There is no “Before”, there is only “Now”. Because now there’s no internet, no TV, no power grid. Food is scarce, and the world’s a hostile place. But Sorrel lives a quiet life in the tiny settlement of Amat. It’s all she’s ever known …
Until a gang of marauding mutants destroys the village, snatching her brother Eli, and David, her boyfriend. Sorrel sets out after them, embarking on a journey fraught with danger. Can she survive? The only thing that keeps her going is Eli and David. They are out there somewhere. They must be alive. And if she has her way, she will find them.
THE NEW DARK is the first book in a new YA-trilogy and will be published in November 2017. The second and third books in the series (THE NEW DAWN & THE NEW DAY) will be released in 2018.

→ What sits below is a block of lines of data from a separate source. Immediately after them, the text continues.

lemma four_block_schur_symmetric_iff:
  fixes N C X E :: "real mat"
  assumes N: "N \<in> carrier_mat n n" and C: "C \<in> carrier_mat m n"
    and X: "X \<in> carrier_mat m m" and E: "E \<in> carrier_mat m m"
    and Xs: "transpose_mat X = X" and Es: "transpose_mat E = E"
  shows "transpose_mat (four_block_mat (N + transpose_mat C * X * C) (transpose_mat C) C E)
      = four_block_mat (N + transpose_mat C * X * C) (transpose_mat C) C E
    \<longleftrightarrow> transpose_mat N = N"
    (is "transpose_mat ?K = ?K \<longleftrightarrow> _")
proof -
  let ?B = "transpose_mat C * X * C"
  have Ct: "transpose_mat C \<in> carrier_mat n m" and B: "?B \<in> carrier_mat n n" using C X by auto
  have "transpose_mat ?B = transpose_mat C * transpose_mat (transpose_mat C * X)"
    using transpose_mult[of "transpose_mat C * X" n m C n] C X by auto
  also have "transpose_mat (transpose_mat C * X) = X * C" using transpose_mult[OF Ct X] Xs by simp
  finally have Bs: "transpose_mat ?B = ?B" using assoc_mult_mat[OF Ct X C] by simp
  have Kt: "transpose_mat ?K = four_block_mat (transpose_mat N + ?B) (transpose_mat C) C E"
    using N B Ct C E Es Bs
    by (simp add: transpose_four_block_mat[of _ n n _ m _ m] transpose_add[of _ n n])
  show ?thesis
  proof
    assume KK: "transpose_mat ?K = ?K"
    show "transpose_mat N = N"
    proof (rule eq_matI)
      fix i j assume ij: "i < dim_row N" "j < dim_col N"
      have "transpose_mat ?K $$ (i, j) = ?K $$ (i, j)" using KK by simp
      thus "transpose_mat N $$ (i, j) = N $$ (i, j)" unfolding Kt using ij N B Ct C E by simp
    qed (use N in auto)
  qed (simp add: Kt)
qed

lemma four_block_schur_positive_iff:
  fixes N C X E :: "real mat"
  assumes N: "N \<in> carrier_mat n n" and C: "C \<in> carrier_mat m n"
    and X: "X \<in> carrier_mat m m" and E: "E \<in> carrier_mat m m"
    and EX: "E * X = 1\<^sub>m m" and Epd: "pd_mat E"
  shows "(\<forall>v \<in> carrier_vec (n + m). v \<noteq> 0\<^sub>v (n + m) \<longrightarrow>
        0 < v \<bullet> (four_block_mat (N + transpose_mat C * X * C) (transpose_mat C) C E *\<^sub>v v))
     \<longleftrightarrow> (\<forall>w \<in> carrier_vec n. w \<noteq> 0\<^sub>v n \<longrightarrow> 0 < w \<bullet> (N *\<^sub>v w))"
    (is "(\<forall>v \<in> _. _ \<longrightarrow> 0 < v \<bullet> (?K *\<^sub>v v)) \<longleftrightarrow> _")
proof -
  have Es: "transpose_mat E = E" using Epd unfolding pd_mat_def by auto
  have Q: "(w @\<^sub>v y) \<bullet> (?K *\<^sub>v (w @\<^sub>v y))
       = w \<bullet> (N *\<^sub>v w) + (y + X *\<^sub>v (C *\<^sub>v w)) \<bullet> (E *\<^sub>v (y + X *\<^sub>v (C *\<^sub>v w)))"
    if "w \<in> carrier_vec n" "y \<in> carrier_vec m" for w y
    by (rule four_block_schur_quadratic_form[OF N C X E EX Es that])
  show ?thesis
  proof (intro iffI ballI impI)
    fix w :: "real vec" assume Kpos: "\<forall>v \<in> carrier_vec (n + m). v \<noteq> 0\<^sub>v (n + m) \<longrightarrow> 0 < v \<bullet> (?K *\<^sub>v v)"
      and w: "w \<in> carrier_vec n" and w0: "w \<noteq> 0\<^sub>v n"
    define y where "y = - (X *\<^sub>v (C *\<^sub>v w))"
    have y: "y \<in> carrier_vec m" using y_def X C w by auto
    have "y + X *\<^sub>v (C *\<^sub>v w) = 0\<^sub>v m" unfolding y_def using X C w by (intro eq_vecI) auto
    moreover have "w @\<^sub>v y \<noteq> 0\<^sub>v (n + m)" unfolding zero_vec_append using w w0 y by simp
    ultimately show "0 < w \<bullet> (N *\<^sub>v w)" using Kpos Q[OF w y] w y E by auto
  next
    fix v :: "real vec" assume Npos: "\<forall>w \<in> carrier_vec n. w \<noteq> 0\<^sub>v n \<longrightarrow> 0 < w \<bullet> (N *\<^sub>v w)"
      and v: "v \<in> carrier_vec (n + m)" and v0: "v \<noteq> 0\<^sub>v (n + m)"
    define w y where "w = vec_first v n" and "y = vec_last v m"
    have w: "w \<in> carrier_vec n" and y: "y \<in> carrier_vec m" and vwy: "v = w @\<^sub>v y"
      using v unfolding w_def y_def by auto
    let ?u = "y + X *\<^sub>v (C *\<^sub>v w)"
    have u: "?u \<in> carrier_vec m" using y X C w by auto
    show "0 < v \<bullet> (?K *\<^sub>v v)"
    proof (cases "w = 0\<^sub>v n")
      case False
      hence "0 < w \<bullet> (N *\<^sub>v w)" using Npos w by blast
      thus ?thesis unfolding vwy Q[OF w y] using pd_mat_quadratic_nonneg[OF Epd E u] by simp
    next
      case True
      have "y \<noteq> 0\<^sub>v m" using v0 True unfolding vwy zero_vec_append by auto
      moreover have "C *\<^sub>v w = 0\<^sub>v m" using True C by (intro eq_vecI) auto
      hence "?u = y" using X y by (intro eq_vecI) auto
      ultimately have "0 < ?u \<bullet> (E *\<^sub>v ?u)" using Epd E y unfolding pd_mat_def by auto
      thus ?thesis unfolding vwy Q[OF w y] using True N by simp
    qed
  qed
qed

lemma pd_mat_four_block_schur_iff:
  fixes N C X E :: "real mat"
  assumes N: "N \<in> carrier_mat n n" and C: "C \<in> carrier_mat m n"
    and X: "X \<in> carrier_mat m m" and E: "E \<in> carrier_mat m m"
    and EX: "E * X = 1\<^sub>m m" and Xs: "transpose_mat X = X" and Epd: "pd_mat E"
  shows "pd_mat (four_block_mat (N + transpose_mat C * X * C) (transpose_mat C) C E) \<longleftrightarrow> pd_mat N"
proof -
  let ?K = "four_block_mat (N + transpose_mat C * X * C) (transpose_mat C) C E"
  have "transpose_mat E = E" using Epd unfolding pd_mat_def by auto
  note sym = four_block_schur_symmetric_iff[OF N C X E Xs this]
  note pos = four_block_schur_positive_iff[OF N C X E EX Epd]
  have "?K \<in> carrier_mat (n + m) (n + m)" using N C X E by auto
  hence "dim_row ?K = n + m" "dim_col ?K = n + m" "dim_row N = n" "dim_col N = n" using N by auto
  thus ?thesis using sym pos unfolding pd_mat_def by metis
qed

lemma vstack_carrier:
  "M \<in> carrier_mat a k \<Longrightarrow> N \<in> carrier_mat b k \<Longrightarrow> vstack M N \<in> carrier_mat (a + b) k"
  unfolding vstack_def by auto

lemma bdiag_carrier:
  "M \<in> carrier_mat a a \<Longrightarrow> N \<in> carrier_mat b b \<Longrightarrow> bdiag M N \<in> carrier_mat (a + b) (a + b)"
  unfolding bdiag_def by auto

lemma vstack_eq_four_block:
  assumes "M \<in> carrier_mat a k" "N \<in> carrier_mat b k"
  shows "vstack M N = four_block_mat M (0\<^sub>m a 0) N (0\<^sub>m b 0)"
  using assms unfolding vstack_def by (intro eq_matI) auto

lemma vstack_mult_transpose:
  fixes M N :: "real mat"
  assumes M: "M \<in> carrier_mat a k" and N: "N \<in> carrier_mat b k"
  shows "vstack M N * transpose_mat (vstack M N) =
     four_block_mat (M * transpose_mat M) (M * transpose_mat N) (N * transpose_mat M) (N * transpose_mat N)"
proof -
  have V: "vstack M N = four_block_mat M (0\<^sub>m a 0) N (0\<^sub>m b 0)"
    by (rule vstack_eq_four_block[OF M N])
  have Vt: "transpose_mat (vstack M N) =
      four_block_mat (transpose_mat M) (transpose_mat N) (0\<^sub>m 0 a) (0\<^sub>m 0 b)"
    unfolding V using M N by (simp add: transpose_four_block_mat[of _ a k _ 0 _ b])
  have "vstack M N * transpose_mat (vstack M N) =
     four_block_mat (M * transpose_mat M + 0\<^sub>m a 0 * 0\<^sub>m 0 a) (M * transpose_mat N + 0\<^sub>m a 0 * 0\<^sub>m 0 b)
       (N * transpose_mat M + 0\<^sub>m b 0 * 0\<^sub>m 0 a) (N * transpose_mat N + 0\<^sub>m b 0 * 0\<^sub>m 0 b)"
    unfolding Vt unfolding V by (rule mult_four_block_mat) (use M N in auto)
  also have "\<dots> = four_block_mat (M * transpose_mat M) (M * transpose_mat N)
      (N * transpose_mat M) (N * transpose_mat N)"
    using M N by (intro cong_four_block_mat; intro eq_matI; simp)
  finally show ?thesis .
qed

lemma stack_step_eq_four_block:
  fixes F A S P D E X :: "real mat"
  assumes F: "F \<in> carrier_mat n k" and A: "A \<in> carrier_mat m k"
    and S: "S \<in> carrier_mat n n" and P: "P \<in> carrier_mat m m"
    and D: "D \<in> carrier_mat n n" and E: "E \<in> carrier_mat m m" and X: "X \<in> carrier_mat m m"
  shows "vstack F A * transpose_mat (vstack F A) + smult_mat c (bdiag S P)
     + bdiag (D + F * transpose_mat A * X * A * transpose_mat F) (E - smult_mat c P - A * transpose_mat A)
   = four_block_mat ((F * transpose_mat F + smult_mat c S + D)
        + transpose_mat (A * transpose_mat F) * X * (A * transpose_mat F))
      (transpose_mat (A * transpose_mat F)) (A * transpose_mat F) E"
proof -
  have Ft: "transpose_mat F \<in> carrier_mat k n" and At: "transpose_mat A \<in> carrier_mat k m"
    using F A by auto
  have AFt: "transpose_mat (A * transpose_mat F) = F * transpose_mat A"
    using transpose_mult[OF A Ft] by simp
  have "F * transpose_mat A * X * A * transpose_mat F
     = transpose_mat (A * transpose_mat F) * X * (A * transpose_mat F)"
    unfolding AFt using F A X Ft At by (subst assoc_mult_mat[of _ n m _ k _ n]) auto
  thus ?thesis unfolding vstack_mult_transpose[OF F A] bdiag_def AFt
    by (intro eq_matI) (use F A S P D E X Ft At in auto)
qed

Lorraine Thomson was born in Glasgow. She won a UK writing competition and was short-listed for the Dundee Book Prize. She now lives in Ullapool on the rugged north-west coast of Scotland.
Follow the author on Twitter: @LGThomson1
Trigger Warning: remembrance of infanticide
I was on the fence after I read The New Dark. One one hand, I thought that the basic storyline for the book was fantastic. A post-apocalyptic world where mutants were common. That caught my attention from the get-go. But, I found that I had issues following the storyline at the same time. There was not enough background given about what happened “Before“, how the mutants came to be and what Sorrel’s birthmark means. When I finished The New Dark, I was at odds at what rating to give it. I settled on a 3 because I can see the potential in the book.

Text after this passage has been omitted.